▶ **GIVEN RECORDS**:
(* In $U(sl(3))$ let $A=E_{12}$, $B=E_{23}$, $E=E_{13}$, $H^{\mathcal P}=\frac13(2E_{11}-E_{22}-E_{33})$, $H^\perp=\frac13(E_{11}-2E_{22}+E_{33})$, $\sigma=\ln(1+\xi E)$, and for $c\in\mathbb C$, $\sigma_A(c)=\ln(1+\xi cA)$. Then for all $c,\zeta\in\mathbb C$ both $$\mathcal F^{\mathcal P}_{\mathcal{JE}}=e^{H^\perp\otimes\sigma_A(c)}\,e^{\xi A\otimes B}\,e^{H^{\mathcal P}\otimes\sigma}\qquad\text{and}\qquad\mathcal F_{\mathcal{RE}}=e^{\zeta H^\perp\otimes\sigma}\,e^{\xi A\otimes B}\,e^{H^{\mathcal P}\otimes\sigma}$$ are twists for $U(sl(3))$, i.e. invertible elements satisfying $\mathcal F_{12}(\Delta\otimes\mathrm{id})(\mathcal F)=\mathcal F_{23}(\mathrm{id}\otimes\Delta)(\mathcal F)$ and $(\epsilon\otimes\mathrm{id})(\mathcal F)=(\mathrm{id}\otimes\epsilon)(\mathcal F)=1$.
   Context: Work over $\mathbb C$ with $U=U(sl(3))$, with primitive generators ($\Delta(x)=x\otimes1+1\otimes x$, $\epsilon(x)=0$). $E_{ij}$ are matrix units of $gl(3)$. $\xi$ is a formal parameter and all computations are in the $\xi$-adically completed algebras $U[[\xi]]$, $(U^{\otimes2})[[\xi]]$, $(U^{\otimes3})[[\xi]]$; $\ln(1+\xi X)$ denotes the formal power series $\sum_{m\ge1}(-1)^{m+1}\xi^mX^m/m$. *)

theory Defs
  imports "HOL-Analysis.Analysis" "HOL-Library.Poly_Mapping"
          "HOL-Computational_Algebra.Formal_Power_Series"
begin

typedef sl3 = "{M :: complex^3^3. trace M = 0}"
  by (rule exI[of _ "mat 0"]) (simp add: trace_def)

definition msc :: "complex \<Rightarrow> complex^3^3 \<Rightarrow> complex^3^3" where
  "msc c M = (\<chi> a b. c * M $ a $ b)"

definition sl_add :: "sl3 \<Rightarrow> sl3 \<Rightarrow> sl3" where
  "sl_add x y = Abs_sl3 (Rep_sl3 x + Rep_sl3 y)"

definition sl_scale :: "complex \<Rightarrow> sl3 \<Rightarrow> sl3" where
  "sl_scale c x = Abs_sl3 (msc c (Rep_sl3 x))"

definition sl_bracket :: "sl3 \<Rightarrow> sl3 \<Rightarrow> sl3" where
  "sl_bracket x y = Abs_sl3 (Rep_sl3 x ** Rep_sl3 y - Rep_sl3 y ** Rep_sl3 x)"

definition mu :: "3 \<Rightarrow> 3 \<Rightarrow> complex^3^3" where
  "mu i j = (\<chi> a b. if a = i \<and> b = j then 1 else 0)"

datatype 'l word = Word "'l list"

primrec unword :: "'l word \<Rightarrow> 'l list" where "unword (Word xs) = xs"

instantiation word :: (type) monoid_add
begin
definition zero_word :: "'l word" where "zero_word = Word []"
definition plus_word :: "'l word \<Rightarrow> 'l word \<Rightarrow> 'l word" where
  "plus_word v w = Word (unword v @ unword w)"
instance
proof
  fix a b c :: "'l word"
  show "a + b + c = a + (b + c)" by (cases a; cases b; cases c) (simp add: plus_word_def)
  show "0 + a = a" by (cases a) (simp add: plus_word_def zero_word_def)
  show "a + 0 = a" by (cases a) (simp add: plus_word_def zero_word_def)
qed
end

text \<open>Letters (k, x): the element x of sl(3) placed in the k-th tensor factor.
  The free algebra on these letters, modulo the ideal \<open>Irel\<close> below, is
  U(sl(3))^{\<otimes>\<infinity>} (restricted tensor power); its subalgebra generated by letters
  with k < n is U(sl(3))^{\<otimes>n}.\<close>
type_synonym letter = "nat \<times> sl3"
type_synonym FA = "letter word \<Rightarrow>\<^sub>0 complex"
type_synonym UF = "FA fps"   \<comment> \<open>xi-adically completed algebra, coefficientwise\<close>

definition scal :: "complex \<Rightarrow> FA" where
  "scal c = Poly_Mapping.single (Word []) c"

definition L :: "nat \<Rightarrow> sl3 \<Rightarrow> FA" where
  "L k x = Poly_Mapping.single (Word [(k, x)]) 1"

inductive_set Irel :: "FA set" where
  lin_add: "L k (sl_add x y) - L k x - L k y \<in> Irel"
| lin_scale: "L k (sl_scale c x) - scal c * L k x \<in> Irel"
| lie: "L k x * L k y - L k y * L k x - L k (sl_bracket x y) \<in> Irel"
| comm: "k \<noteq> l \<Longrightarrow> L k x * L l y - L l y * L k x \<in> Irel"
| zero: "0 \<in> Irel"
| add: "a \<in> Irel \<Longrightarrow> b \<in> Irel \<Longrightarrow> a + b \<in> Irel"
| mult: "a \<in> Irel \<Longrightarrow> p * a * q \<in> Irel"

definition eqv :: "UF \<Rightarrow> UF \<Rightarrow> bool" where
  "eqv F G \<longleftrightarrow> (\<forall>n. fps_nth F n - fps_nth G n \<in> Irel)"

definition fa_hom :: "(letter \<Rightarrow> FA) \<Rightarrow> FA \<Rightarrow> FA" where
  "fa_hom \<phi> p = (\<Sum>w\<in>Poly_Mapping.keys p. scal (Poly_Mapping.lookup p w) * prod_list (map \<phi> (unword w)))"

definition uf_hom :: "(letter \<Rightarrow> FA) \<Rightarrow> UF \<Rightarrow> UF" where
  "uf_hom \<phi> F = Abs_fps (\<lambda>n. fa_hom \<phi> (fps_nth F n))"

definition leg :: "nat \<Rightarrow> UF \<Rightarrow> UF" where
  "leg k = uf_hom (\<lambda>(i, x). L (i + k) x)"

definition tens2 :: "UF \<Rightarrow> UF \<Rightarrow> UF" where
  "tens2 X Y = leg 0 X * leg 1 Y"

text \<open>exp and ln(1+_) of power series without constant term.\<close>
definition fexp :: "UF \<Rightarrow> UF" where
  "fexp X = Abs_fps (\<lambda>n. \<Sum>m\<le>n. scal (1 / of_nat (fact m)) * (fps_nth (X ^ m) n))"

definition fln1 :: "UF \<Rightarrow> UF" where
  "fln1 X = Abs_fps (\<lambda>n. \<Sum>m\<in>{1..n}. scal ((-1) ^ (m + 1) / of_nat m) * (fps_nth (X ^ m) n))"

definition Delta_id :: "UF \<Rightarrow> UF" where
  "Delta_id = uf_hom (\<lambda>(i, x). if i = 0 then L 0 x + L 1 x else L (i + 1) x)"

definition id_Delta :: "UF \<Rightarrow> UF" where
  "id_Delta = uf_hom (\<lambda>(i, x). if i = 0 then L 0 x else if i = 1 then L 1 x + L 2 x
                               else L (i + 1) x)"

definition leg12 :: "UF \<Rightarrow> UF" where
  "leg12 = uf_hom (\<lambda>(i, x). L i x)"

definition leg23 :: "UF \<Rightarrow> UF" where
  "leg23 = uf_hom (\<lambda>(i, x). L (i + 1) x)"

definition eps_id :: "UF \<Rightarrow> UF" where
  "eps_id = uf_hom (\<lambda>(i, x). if i = 0 then 0 else L (i - 1) x)"

definition id_eps :: "UF \<Rightarrow> UF" where
  "id_eps = uf_hom (\<lambda>(i, x). if i = 1 then 0 else if i = 0 then L 0 x else L (i - 1) x)"

definition is_twist :: "UF \<Rightarrow> bool" where
  "is_twist F \<longleftrightarrow>
     (\<exists>G. eqv (F * G) 1 \<and> eqv (G * F) 1) \<and>
     eqv (leg12 F * Delta_id F) (leg23 F * id_Delta F) \<and>
     eqv (eps_id F) 1 \<and> eqv (id_eps F) 1"

definition Aelt :: sl3 where "Aelt = Abs_sl3 (mu 1 2)"
definition Belt :: sl3 where "Belt = Abs_sl3 (mu 2 3)"
definition Eelt :: sl3 where "Eelt = Abs_sl3 (mu 1 3)"
definition HP :: sl3 where
  "HP = Abs_sl3 (msc (1/3) (msc 2 (mu 1 1) - mu 2 2 - mu 3 3))"
definition Hperp :: sl3 where
  "Hperp = Abs_sl3 (msc (1/3) (mu 1 1 - msc 2 (mu 2 2) + mu 3 3))"

definition U :: "sl3 \<Rightarrow> UF" where "U x = fps_const (L 0 x)"
definition Uc :: "complex \<Rightarrow> UF" where "Uc c = fps_const (scal c)"

definition sigma :: UF where "sigma = fln1 (fps_X * U Eelt)"
definition sigmaA :: "complex \<Rightarrow> UF" where "sigmaA c = fln1 (fps_X * Uc c * U Aelt)"

definition F_JE :: "complex \<Rightarrow> UF" where
  "F_JE c = fexp (tens2 (U Hperp) (sigmaA c)) * fexp (fps_X * tens2 (U Aelt) (U Belt))
            * fexp (tens2 (U HP) sigma)"

definition F_RE :: "complex \<Rightarrow> UF" where
  "F_RE \<zeta> = fexp (tens2 (Uc \<zeta> * U Hperp) sigma) * fexp (fps_X * tens2 (U Aelt) (U Belt))
            * fexp (tens2 (U HP) sigma)"

end

theory Submission
  imports Defs
begin

text \<open>Write \<open>F = P \<Phi>\<close>, where \<open>\<Phi> = exp (\<xi> A \<otimes> B) exp (H\<^sup>\<P> \<otimes> \<sigma>)\<close> is the
  extended Jordanian twist and \<open>P\<close> is the remaining \<open>H\<^sup>\<perp>\<close>-factor. Everything is computed in
  \<open>U(sl(3))\<^sup>\<otimes>\<^sup>3[[\<xi>]]\<close>, where \<open>exp\<close> and \<open>ln (1 + _)\<close> of series without constant term are
  substitutions into complex power series; hence \<open>exp (ln (1 + y)) = 1 + y\<close>, \<open>exp\<close> is additive
  on commuting arguments, and \<open>exp X\<close> conjugates \<open>Y\<close> into \<open>Y + [X, Y]\<close> when \<open>[X, Y]\<close> commutes
  with \<open>X\<close>. Consequently the Jordanian factor \<open>exp (h \<otimes> ln (1 + \<xi> e))\<close> with \<open>[h, e] = e\<close> is a
  twist, and conjugating by it multiplies an eigenvector \<open>a\<close> of \<open>ad h\<close> with eigenvalue 1 by
  \<open>1 + \<xi> e\<close>. This moves \<open>exp (\<xi> A \<otimes> B)\<close> through the Jordanian factors and gives the twist
  equation for \<open>\<Phi>\<close>; the one for \<open>P \<Phi>\<close> follows because \<open>P\<close> satisfies the twist equation of the
  \<open>\<Phi>\<close>-twisted coproduct (a Jordanian identity for \<open>F\<^sub>J\<^sub>E\<close>, additivity of \<open>exp\<close> for
  \<open>F\<^sub>R\<^sub>E\<close>). The counit conditions are immediate, and \<open>F\<close> is invertible as a product of
  exponentials.\<close>

section \<open>Power series over a ring with central complex scalars\<close>

lemma binomial_commuting:
  fixes x y :: "'a::semiring_1"
  assumes xy: "x * y = y * x"
  shows "(x + y) ^ n = (\<Sum>k\<le>n. of_nat (n choose k) * x ^ k * y ^ (n - k))"
proof (induct n)
  case (Suc n)
  have yx: "y * (x ^ k * z) = x ^ k * (y * z)" for k z
    using power_commuting_commutes[OF xy, of k] by (simp add: mult.assoc[symmetric])
  have nat_commute: "w * (of_nat c * z) = of_nat c * (w * z)" for w z :: 'a and c :: nat
    by (metis mult.assoc mult_of_nat_commute)
  have "(x + y) ^ Suc n =
      (\<Sum>k\<le>n. of_nat (n choose k) * x ^ Suc k * y ^ (n - k)) +
      (\<Sum>k\<le>n. of_nat (n choose k) * x ^ k * y ^ Suc (n - k))"
    by (simp add: Suc distrib_right distrib_left sum_distrib_left sum.distrib mult.assoc
        yx nat_commute)
  also have "\<dots> = (\<Sum>k\<le>Suc n. of_nat (Suc n choose k) * x ^ k * y ^ (Suc n - k))"
  proof -
    let ?f = "\<lambda>k. of_nat (n choose k) * x ^ k * y ^ (Suc n - k)"
    have "(\<Sum>k\<le>n. ?f k) = (\<Sum>k\<le>Suc n. ?f k)"
      by (simp add: binomial_eq_0)
    then have "(\<Sum>k\<le>n. ?f k) =
        y ^ Suc n + (\<Sum>k\<le>n. of_nat (n choose Suc k) * x ^ Suc k * y ^ (n - k))"
      by (simp only: sum.atMost_Suc_shift) simp
    then show ?thesis
      by (simp only: sum.atMost_Suc_shift) (simp add: distrib_right sum.distrib Suc_diff_le add_ac)
  qed
  finally show ?case .
qed simp

lemma power_intertwine:
  fixes g Y Y' :: "'a::monoid_mult"
  assumes "g * Y = Y' * g"
  shows "g * Y ^ m = Y' ^ m * g"
proof (induct m)
  case (Suc m)
  then show ?case
    by (metis (no_types) assms mult.assoc power_Suc2)
qed simp

lemma power_commutator_central:
  fixes X Y C :: "'a::ring_1"
  assumes XY: "X * Y = Y * X + C" and XC: "X * C = C * X"
  shows "X ^ Suc m * Y = Y * X ^ Suc m + of_nat (Suc m) * C * X ^ m"
proof (induct m)
  case (Suc m)
  have of_nat_left: "X * (of_nat k * Z) = of_nat k * (X * Z)" for k Z
    by (metis mult.assoc mult_of_nat_commute)
  have "X ^ Suc (Suc m) * Y = X * (X ^ Suc m * Y)"
    by (simp only: power_Suc mult.assoc)
  also have "\<dots> = X * Y * X ^ Suc m + of_nat (Suc m) * (X * C * X ^ m)"
    by (simp only: Suc distrib_left mult.assoc of_nat_left)
  also have "\<dots> = Y * X ^ Suc (Suc m) + C * X ^ Suc m + of_nat (Suc m) * (C * X ^ Suc m)"
    by (simp only: XY XC distrib_right mult.assoc power_Suc)
  also have "\<dots> = Y * X ^ Suc (Suc m) + of_nat (Suc (Suc m)) * C * X ^ Suc m"
    by (simp add: algebra_simps)
  finally show ?case .
qed (simp add: XY)

definition commute :: "'a::times \<Rightarrow> 'a \<Rightarrow> bool" where
  "commute a b \<longleftrightarrow> a * b = b * a"

lemma commute_sym: "commute a b \<Longrightarrow> commute b a"
  by (simp add: commute_def)

lemma commute_refl: "commute a a"
  by (simp add: commute_def)

lemma commute_1_left: "commute 1 (a :: 'a::monoid_mult)"
  and commute_1_right: "commute a (1 :: 'a::monoid_mult)"
  by (simp_all add: commute_def)

lemma commute_mult_left:
  "commute a c \<Longrightarrow> commute b c \<Longrightarrow> commute (a * b) (c :: 'a::semigroup_mult)"
  by (simp add: commute_def) (metis mult.assoc)

lemma commute_mult_right:
  "commute a b \<Longrightarrow> commute a c \<Longrightarrow> commute a (b * c :: 'a::semigroup_mult)"
  by (simp add: commute_def) (metis mult.assoc)

lemma commute_add_left: "commute a c \<Longrightarrow> commute b c \<Longrightarrow> commute (a + b) (c :: 'a::semiring)"
  and commute_add_right: "commute a b \<Longrightarrow> commute a c \<Longrightarrow> commute a (b + c)"
  by (simp_all add: commute_def distrib_left distrib_right)

lemma commute_fps_X_left: "commute fps_X (a :: 'a::ring_1 fps)"
  and commute_fps_X_right: "commute a (fps_X :: 'a::ring_1 fps)"
  by (simp_all add: commute_def fps_mult_fps_X_commute)

lemma intertwine_mult:
  fixes g a b :: "'a::semigroup_mult"
  assumes "g * a = a' * g" "g * b = b' * g"
  shows "g * (a * b) = (a' * b') * g"
proof -
  have "g * (a * b) = a' * (g * b)"
    by (simp only: mult.assoc[symmetric] assms(1))
  also have "\<dots> = (a' * b') * g"
    by (simp only: assms(2) mult.assoc)
  finally show ?thesis .
qed

text \<open>If \<open>F\<close> satisfies the twist equation and \<open>P\<close> satisfies it for the coproduct twisted
  by \<open>F\<close> (\<open>F01\<close> conjugates \<open>P2\<close> into \<open>P2'\<close> and \<open>F12\<close> conjugates \<open>Q0\<close> into \<open>R\<close>),
  then \<open>P * F\<close> satisfies the twist equation.\<close>

lemma twist_product:
  fixes P01 P2 P2' P12 R Q0 F01 F2 F12 F0 :: "'a::semigroup_mult"
  assumes "F01 * F2 = F12 * F0" "F01 * P2 = P2' * F01" "P01 * P2' = P12 * R" "R * F12 = F12 * Q0"
  shows "(P01 * F01) * (P2 * F2) = (P12 * F12) * (Q0 * F0)"
  by (metis assms mult.assoc)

▶ **ASSIGNMENT**: Here the job is to set down exactly the lines of the material above that fall between the one with "k (sl_scale c" and the one with "F = Abs_fps", inclusive, and nothing beyond them.

▶ **EXPECTED ANSWER**:
| lin_scale: "L k (sl_scale c x) - scal c * L k x \<in> Irel"
| lie: "L k x * L k y - L k y * L k x - L k (sl_bracket x y) \<in> Irel"
| comm: "k \<noteq> l \<Longrightarrow> L k x * L l y - L l y * L k x \<in> Irel"
| zero: "0 \<in> Irel"
| add: "a \<in> Irel \<Longrightarrow> b \<in> Irel \<Longrightarrow> a + b \<in> Irel"
| mult: "a \<in> Irel \<Longrightarrow> p * a * q \<in> Irel"

definition eqv :: "UF \<Rightarrow> UF \<Rightarrow> bool" where
  "eqv F G \<longleftrightarrow> (\<forall>n. fps_nth F n - fps_nth G n \<in> Irel)"

definition fa_hom :: "(letter \<Rightarrow> FA) \<Rightarrow> FA \<Rightarrow> FA" where
  "fa_hom \<phi> p = (\<Sum>w\<in>Poly_Mapping.keys p. scal (Poly_Mapping.lookup p w) * prod_list (map \<phi> (unword w)))"

definition uf_hom :: "(letter \<Rightarrow> FA) \<Rightarrow> UF \<Rightarrow> UF" where
  "uf_hom \<phi> F = Abs_fps (\<lambda>n. fa_hom \<phi> (fps_nth F n))"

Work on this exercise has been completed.